Discover how DeepAcceptor, developed by a team from Central South University led by Jinyu Sun, revolutionizes the search for high-performance organic photovoltaic materials using deep learning. This innovative approach promises to cut down the time and cost associated with identifying efficient small molecule acceptor materials, achieving impressive power conversion efficiencies.

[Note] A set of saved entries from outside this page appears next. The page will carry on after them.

text \<open>A vector g with \<langle>g, d\<rangle> = \<langle>G z + b, d\<rangle> for all d \<in> L represents the gradient on L of
  z \<mapsto> \<langle>G z, z\<rangle>/2 + \<langle>b, z\<rangle>, so this is the Lojasiewicz inequality with exponent 1/2 at 0.\<close>

lemma quadratic_lojasiewicz_subspace:
  fixes G :: "'a::euclidean_space \<Rightarrow> 'a"
  assumes G: "linear G" and sym: "\<And>x y. inner (G x) y = inner x (G y)" and L: "subspace L"
  obtains c where "c \<ge> 0"
    "\<forall>\<^sub>F z in nhds 0. z \<in> L \<longrightarrow> (\<forall>g. (\<forall>d\<in>L. inner g d = inner (G z + b) d) \<longrightarrow>
        inner (G z) z / 2 + inner b z \<le> c * (norm g)^2)"
proof (cases "\<forall>d\<in>L. inner b d = 0")
  case True
  obtain c where "c \<ge> 0"
    and c: "\<And>z g. z \<in> L \<Longrightarrow> (\<forall>d\<in>L. inner g d = inner (G z) d) \<Longrightarrow> inner (G z) z \<le> c * (norm g)^2"
    using quadratic_lojasiewicz_subspace_orthogonal[OF G sym L] by blast
  have "inner (G z) z / 2 + inner b z \<le> c / 2 * (norm g)^2"
    if "z \<in> L" "\<forall>d\<in>L. inner g d = inner (G z + b) d" for z g
    using c[of z g] that True by (simp add: inner_add_left)
  then show ?thesis using that[of "c / 2"] \<open>c \<ge> 0\<close> by simp
next
  case False
  then obtain d0 where "d0 \<in> L" "inner b d0 \<noteq> 0" by blast
  from quadratic_lojasiewicz_subspace_nonorthogonal[OF G L this]
  have "\<forall>\<^sub>F z in nhds 0. z \<in> L \<longrightarrow> (\<forall>g. (\<forall>d\<in>L. inner g d = inner (G z + b) d) \<longrightarrow>
      inner (G z) z / 2 + inner b z \<le> 1 * (norm g)^2)"
    by (rule eventually_mono) simp
  then show ?thesis using that[of 1] by simp
qed

text \<open>For a polyhedron, L is the direction space of the face containing x in its relative
  interior; this is the only property of C1 and C2 the Lojasiewicz inequality needs.\<close>

definition locally_face_flat :: "'a::real_inner set \<Rightarrow> bool" where
  "locally_face_flat C \<longleftrightarrow> (\<forall>xb\<in>C. \<exists>Ls. finite Ls \<and> (\<forall>L\<in>Ls. subspace L) \<and>
     (\<forall>\<^sub>F x in nhds xb. x \<in> C \<longrightarrow>
        (\<exists>L\<in>Ls. x - xb \<in> L \<and> (\<forall>n\<in>normal_cone C x. \<forall>d\<in>L. inner n d = 0))))"
definition consecutive :: "'a::linorder set \<Rightarrow> 'a \<Rightarrow> 'a \<Rightarrow> bool" where
  "consecutive V x y \<longleftrightarrow> x \<in> V \<and> y \<in> V \<and> x < y \<and> \<not> (\<exists>z\<in>V. x < z \<and> z < y)"

definition persistent_graph :: "'a::linorder set \<Rightarrow> ('a \<Rightarrow> 'a \<Rightarrow> bool) \<Rightarrow> bool" where
  "persistent_graph V E \<longleftrightarrow> simple_graph V E
     \<and> (\<forall>x y. consecutive V x y \<longrightarrow> E x y)
     \<and> (\<forall>p\<in>V. \<forall>q\<in>V. \<forall>r\<in>V. \<forall>s\<in>V. p < q \<and> q < r \<and> r < s \<and> E p r \<and> E q s \<longrightarrow> E p s)
     \<and> (\<forall>p q. E p q \<and> p < q \<and> \<not> consecutive V p q \<longrightarrow> (\<exists>r\<in>V. p < r \<and> r < q \<and> E p r \<and> E r q))"

definition induced_C4 :: "('a \<Rightarrow> 'a \<Rightarrow> bool) \<Rightarrow> 'a \<Rightarrow> 'a \<Rightarrow> 'a \<Rightarrow> 'a \<Rightarrow> bool" where
  "induced_C4 E p1 p2 p3 p4 \<longleftrightarrow> distinct [p1, p2, p3, p4]
     \<and> E p1 p2 \<and> E p2 p3 \<and> E p3 p4 \<and> E p4 p1 \<and> \<not> E p1 p3 \<and> \<not> E p2 p4"

definition two_leftmost :: "'a::linorder set \<Rightarrow> 'a \<Rightarrow> 'a \<Rightarrow> bool" where
  "two_leftmost P a b \<longleftrightarrow> a \<in> P \<and> b \<in> P \<and> a \<noteq> b \<and> (\<forall>c\<in>P - {a, b}. a < c \<and> b < c)"

end

theory Submission
  imports Defs
begin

~3 min • Beginner • English
Introduction
Organic solar cells (OSCs) are attractive for lightweight, low-cost, and flexible photovoltaics, with device architectures typically comprising donor–acceptor bulk heterojunctions. Recent A-DA'D-A non-fullerene acceptors (NFAs), such as Y6-series materials, have achieved record efficiencies of 18–19%. Despite this progress, discovering new high-performance acceptors remains slow, expensive, and inefficient. Machine learning offers a route to accelerate discovery by predicting device power conversion efficiency (PCE) directly from molecular structure, but model accuracy depends heavily on data quality and algorithmic advances. Computational datasets (e.g., DFT or Scharber-model derived) enable broad exploration but often deviate from experiment, reducing predictive accuracy. High-quality experimental datasets and advanced deep learning methods are therefore needed. This work addresses the question: can a deep learning model that fuses graph-based molecular representations with transformer architectures, pre-trained on large computational data and fine-tuned on curated experimental data, accurately predict PCE and enable efficient discovery of high-performance acceptor materials?
Literature Review
Prior work has shown machine learning can predict OSC properties and screen candidates, often using computational datasets (DFT or Scharber) to explore large chemical spaces. However, discrepancies between computational and experimental data can limit predictive accuracy. BERT-based models (e.g., Mol-BERT, ChemBERTa) employing masked language modeling on SMILES have shown strong performance for molecular property prediction, but SMILES syntax complexity and auxiliary tokens can hinder training. Graph neural networks (GNNs), leveraging message-passing on molecular graphs, have achieved excellent results by capturing structural and bonding information. Recent studies emphasize the importance of high-quality experimental data, dataset composition and splits, and modern deep learning strategies (pre-training, transfer learning) to improve generalization. These insights motivate combining transformer-based models with graph representations and self-supervised pre-training on large computational datasets followed by fine-tuning on curated experimental PCE data.
Methodology
Data: Two datasets were curated. (1) A computational dataset of 51,256 NFAs (from prior DFT work) served as unlabeled molecules for self-supervised pre-training. (2) An experimental dataset of 1,027 small-molecule NFAs with device PCEs collected from 508 articles served for supervised fine-tuning. Duplicate molecules across publications were resolved by taking the maximum reported PCE. Molecules containing Si or metals were removed. All molecules were represented as SMILES. Splits: computational 8:1:1; experimental 7:2:1 with stratified sampling across PCE ranges.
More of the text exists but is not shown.